Abstract
The World Health Organization declared coronavirus disease 2019 (COVID-19) a global pandemic in March 2020. Several vaccines have been developed to overcome the COVID-19 pandemic, and messenger RNA vaccines, commonly known as mRNA vaccines, were the first COVID-19 vaccines to be authorized in Korea. With the worldwide increase in vaccinations, reports of adverse reactions are increasing. However, to the best of our knowledge, there have been no reports of eosinophilic gastroenteritis (EGE) following mRNA vaccination.
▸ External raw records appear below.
(* Let $D\subset\mathbb R^n$ be a domain, $\theta\in(-\pi,\pi]$, and let $k\in C^2([0,1]\times D)$ satisfy the degenerate special Lagrangian equation $$\mathrm{Im}\big(e^{-\sqrt{-1}\theta}\det(I_n+\sqrt{-1}\nabla^2k)\big)=0,\qquad \mathrm{Re}\big(e^{-\sqrt{-1}\theta}\det(I+\sqrt{-1}\nabla_x^2k)\big)>0$$ at every point. Let $M(t,x)=\mathrm{Re}\big(e^{-\sqrt{-1}\theta}\mathrm{cof}(I_n+\sqrt{-1}\nabla^2k(t,x))\big)$, so that the linearization of $u\mapsto\mathrm{Im}(e^{-\sqrt{-1}\theta}\det(I_n+\sqrt{-1}\nabla^2u))$ at $k$ is $\psi\mapsto\mathrm{tr}(M\nabla^2\psi)$. Then at every point $(t,x)$ with $\nabla\dot k(t,x)\ne0$, the matrix $M(t,x)$ is positive semidefinite with exactly one zero eigenvalue and its null space is spanned by $\nabla\dot k(t,x)$; at every critical point of $\dot k$ (i.e. $\nabla\dot k(t,x)=0$), $M(t,x)$ is positive semidefinite with exactly one nonzero eigenvalue.
   Context: Coordinates on $[0,1]\times D$ are $(t,x)$; $\nabla^2$ is the full $(n+1)\times(n+1)$ Hessian in $(t,x)$ (with $t$ as the $0$-th coordinate), $\nabla^2_x$ the $n\times n$ Hessian in $x$, $\dot k=\partial_tk$, and $\nabla\dot k$ its full gradient in $(t,x)$. $I_n=\mathrm{diag}(0,1,\dots,1)\in\mathrm{Sym}(\mathbb R^{n+1})$, $I$ the $n\times n$ identity, $\mathrm{cof}$ the cofactor matrix. *)

theory Defs
  imports "HOL-Analysis.Analysis"
begin

text \<open>Coordinates on [0,1] x D inside R^(n+1): a point p :: real^('n::finite option) has
  time coordinate p $ None and space coordinates p $ Some i.\<close>

definition time_coord :: "real^('n::finite option) \<Rightarrow> real" where
  "time_coord p = p $ None"

definition space_part :: "real^('n::finite option) \<Rightarrow> real^'n" where
  "space_part p = (\<chi> i. p $ Some i)"

definition cyl :: "(real^'n::finite) set \<Rightarrow> (real^('n::finite option)) set" where
  "cyl D = {p. time_coord p \<in> {0..1} \<and> space_part p \<in> D}"

text \<open>I_n = diag(0,1,...,1) in Sym(R^(n+1)), the 0-th (time) entry being 0.\<close>
definition In_mat :: "real^('n::finite option)^('n::finite option)" where
  "In_mat = (\<chi> i j. if i = j \<and> i \<noteq> None then 1 else 0)"

text \<open>Spatial block of an (n+1)x(n+1) matrix (the x-Hessian when applied to the full Hessian).\<close>
definition space_block :: "'a^('n::finite option)^('n::finite option) \<Rightarrow> 'a^'n::finite^'n" where
  "space_block A = (\<chi> i j. A $ Some i $ Some j)"

definition cmat :: "real^'n^'m \<Rightarrow> complex^'n^'m" where
  "cmat A = (\<chi> i j. complex_of_real (A $ i $ j))"

definition cscale :: "complex \<Rightarrow> complex^'n::finite^'m::finite \<Rightarrow> complex^'n^'m" where
  "cscale c A = (\<chi> i j. c * A $ i $ j)"

definition Re_mat :: "complex^'n^'m \<Rightarrow> real^'n^'m" where
  "Re_mat A = (\<chi> i j. Re (A $ i $ j))"

text \<open>Cofactor matrix: cof(A)_(ij) = (-1)^(i+j) det(A with row i and column j deleted),
  which equals det of A with row i replaced by the j-th unit row vector (Laplace expansion);
  the latter form is used since the index type carries no ordering.\<close>
definition cof :: "'a::comm_ring_1^'n::finite^'n \<Rightarrow> 'a^'n::finite^'n" where
  "cof A = (\<chi> i j. det (\<chi> r c. if r = i then (if c = j then 1 else 0) else A $ r $ c))"

definition psd :: "real^'n::finite^'n \<Rightarrow> bool" where
  "psd M \<longleftrightarrow> transpose M = M \<and> (\<forall>w. 0 \<le> w \<bullet> (M *v w))"

definition null_space :: "real^'n^'m \<Rightarrow> (real^'n::finite) set" where
  "null_space M = {w. M *v w = 0}"

definition lin_mat :: "real \<Rightarrow> real^('n::finite option)^('n option) \<Rightarrow> real^('n option)^('n option)" where
  "lin_mat \<theta> A = Re_mat (cscale (exp (- \<i> * complex_of_real \<theta>)) (cof (cmat In_mat + cscale \<i> (cmat A))))"

end

theory Submission
  imports Defs
begin

(*
  Schwarz's theorem, proved by applying the mean value theorem twice to a mixed second
  difference, makes the Hessian A of k symmetric at interior points of [0,1] x D, and
  continuity of A extends this to the whole cylinder.

  At a fixed point let N = I_n + iA, w = e^(-i theta) and c = w det N, which is real by the
  equation. For real v put u = w adj(N) v, so that N u = c v. As A is real symmetric,
  Re (u^* N u) is the sum of |u_j|^2 over the space indices j, which gives the identity
  c (v . M v) = sum_j |u_j|^2. Testing it with the time direction e_0, where
  M_00 = Re (w det (I + i Hess_x k)) > 0, shows c >= 0, and c = 0 would force
  A e_0 = grad (dk/dt) = 0. Off the critical set therefore c > 0, M is positive
  semidefinite, and M v = 0 forces u to be a multiple of e_0, whence c v = i u_0 grad (dk/dt);
  conversely M grad (dk/dt) = 0 because the time row of N is i grad (dk/dt). At a critical
  point every cofactor of N other than the (0,0) one has a zero row or column, so
  M = M_00 e_0 e_0^T.
*)

section \<open>Symmetry of the Hessian\<close>

lemma has_derivative_along_line:
  assumes "(f has_derivative f') (at (c + x *\<^sub>R v) within S)"
    and "\<And>b. b \<in> T \<Longrightarrow> c + b *\<^sub>R v \<in> S"
  shows "((\<lambda>b. f (c + b *\<^sub>R v)) has_derivative (\<lambda>h. f' (h *\<^sub>R v))) (at x within T)"
proof -
  have "((\<lambda>b. c + b *\<^sub>R v) has_derivative (\<lambda>h. h *\<^sub>R v)) (at x within T)"
    by (auto intro!: derivative_eq_intros)
  moreover have "(f has_derivative f') (at (c + x *\<^sub>R v) within (\<lambda>b. c + b *\<^sub>R v) ` T)"
    using assms(1) by (rule has_derivative_subset) (use assms(2) in auto)
  ultimately show ?thesis
    using diff_chain_within by (fastforce simp: o_def)
qed

lemma mixed_difference_mean_value:
  fixes k :: "real^'m::finite \<Rightarrow> real" and g :: "real^'m \<Rightarrow> real^'m"
    and H :: "real^'m \<Rightarrow> real^'m^'m"
  assumes grad: "\<And>q. q \<in> S \<Longrightarrow> (k has_derivative (\<lambda>h. g q \<bullet> h)) (at q within S)"
    and hess: "\<And>q. q \<in> S \<Longrightarrow> (g has_derivative (\<lambda>h. H q *v h)) (at q within S)"
    and box: "\<And>a b. a \<in> {0..s} \<Longrightarrow> b \<in> {0..s} \<Longrightarrow> p + a *\<^sub>R u + b *\<^sub>R v \<in> S"
    and s: "0 < s"
  obtains a b where "a \<in> {0..s}" "b \<in> {0..s}"
    "k (p + s *\<^sub>R u + s *\<^sub>R v) - k (p + s *\<^sub>R u) - k (p + s *\<^sub>R v) + k p
       = s\<^sup>2 * ((H (p + a *\<^sub>R u + b *\<^sub>R v) *v u) \<bullet> v)"
proof -
  define \<phi> where "\<phi> b = k (p + s *\<^sub>R u + b *\<^sub>R v) - k (p + b *\<^sub>R v)" for b
  define \<phi>' where "\<phi>' b = (g (p + s *\<^sub>R u + b *\<^sub>R v) - g (p + b *\<^sub>R v)) \<bullet> v" for b
  have "\<exists>b\<in>{0<..<s}. \<phi> s - \<phi> 0 = (\<lambda>h. h * \<phi>' b) (s - 0)"
  proof (rule mvt_simple[OF s])
    fix b assume b: "0 \<le> b" "b \<le> s"
    have A: "((\<lambda>b. k (p + s *\<^sub>R u + b *\<^sub>R v)) has_derivative
        (\<lambda>h. g (p + s *\<^sub>R u + b *\<^sub>R v) \<bullet> (h *\<^sub>R v))) (at b within {0..s})"
      by (rule has_derivative_along_line[OF grad]) (use box[of s] s b in auto)
    have B: "((\<lambda>b. k (p + b *\<^sub>R v)) has_derivative (\<lambda>h. g (p + b *\<^sub>R v) \<bullet> (h *\<^sub>R v)))
        (at b within {0..s})"
      by (rule has_derivative_along_line[OF grad]) (use box[of 0] s b in auto)
    from has_derivative_diff[OF A B]
    show "(\<phi> has_derivative (\<lambda>h. h * \<phi>' b)) (at b within {0..s})"
      unfolding \<phi>_def \<phi>'_def by (simp add: inner_diff_left algebra_simps)
  qed
  then obtain b where b: "b \<in> {0<..<s}" and \<phi>: "\<phi> s - \<phi> 0 = s * \<phi>' b"
    by auto
  define \<psi> where "\<psi> a = g (p + a *\<^sub>R u + b *\<^sub>R v) \<bullet> v" for a
  define \<psi>' where "\<psi>' a = (H (p + a *\<^sub>R u + b *\<^sub>R v) *v u) \<bullet> v" for a
  have "\<exists>a\<in>{0<..<s}. \<psi> s - \<psi> 0 = (\<lambda>h. h * \<psi>' a) (s - 0)"
  proof (rule mvt_simple[OF s])
    fix a assume a: "0 \<le> a" "a \<le> s"
    have "((\<lambda>a. g (p + b *\<^sub>R v + a *\<^sub>R u)) has_derivative
        (\<lambda>h. H (p + b *\<^sub>R v + a *\<^sub>R u) *v (h *\<^sub>R u))) (at a within {0..s})"
      by (rule has_derivative_along_line[OF hess]) (use box b a in \<open>auto simp: add_ac\<close>)
    from has_derivative_inner_left[OF this, of v]
    show "(\<psi> has_derivative (\<lambda>h. h * \<psi>' a)) (at a within {0..s})"
      unfolding \<psi>_def \<psi>'_def by (simp add: matrix_vector_mult_scaleR add_ac)
  qed
  then obtain a where a: "a \<in> {0<..<s}" and \<psi>: "\<psi> s - \<psi> 0 = s * \<psi>' a"
    by auto
  have "k (p + s *\<^sub>R u + s *\<^sub>R v) - k (p + s *\<^sub>R u) - k (p + s *\<^sub>R v) + k p = \<phi> s - \<phi> 0"
    by (simp add: \<phi>_def)
  also have "\<dots> = s * (\<psi> s - \<psi> 0)"
    by (simp add: \<phi> \<phi>'_def \<psi>_def inner_diff_left)
  finally show ?thesis
    using a b \<psi> by (intro that[of a b]) (auto simp: \<psi>'_def power2_eq_square)
qed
Here, we present the first case of EGE in a patient who received a second dose of the mRNA vaccine, BNT162b2 (Pfizer-BioNTech). A previously healthy 34-year-old woman presented to the emergency department with generalized abdominal pain for the preceding 2 weeks. She had received a second dose of the mRNA COVID-19 vaccine 2 weeks prior. Subserosal EGE was diagnosed, oral prednisolone was administered, and she recovered completely.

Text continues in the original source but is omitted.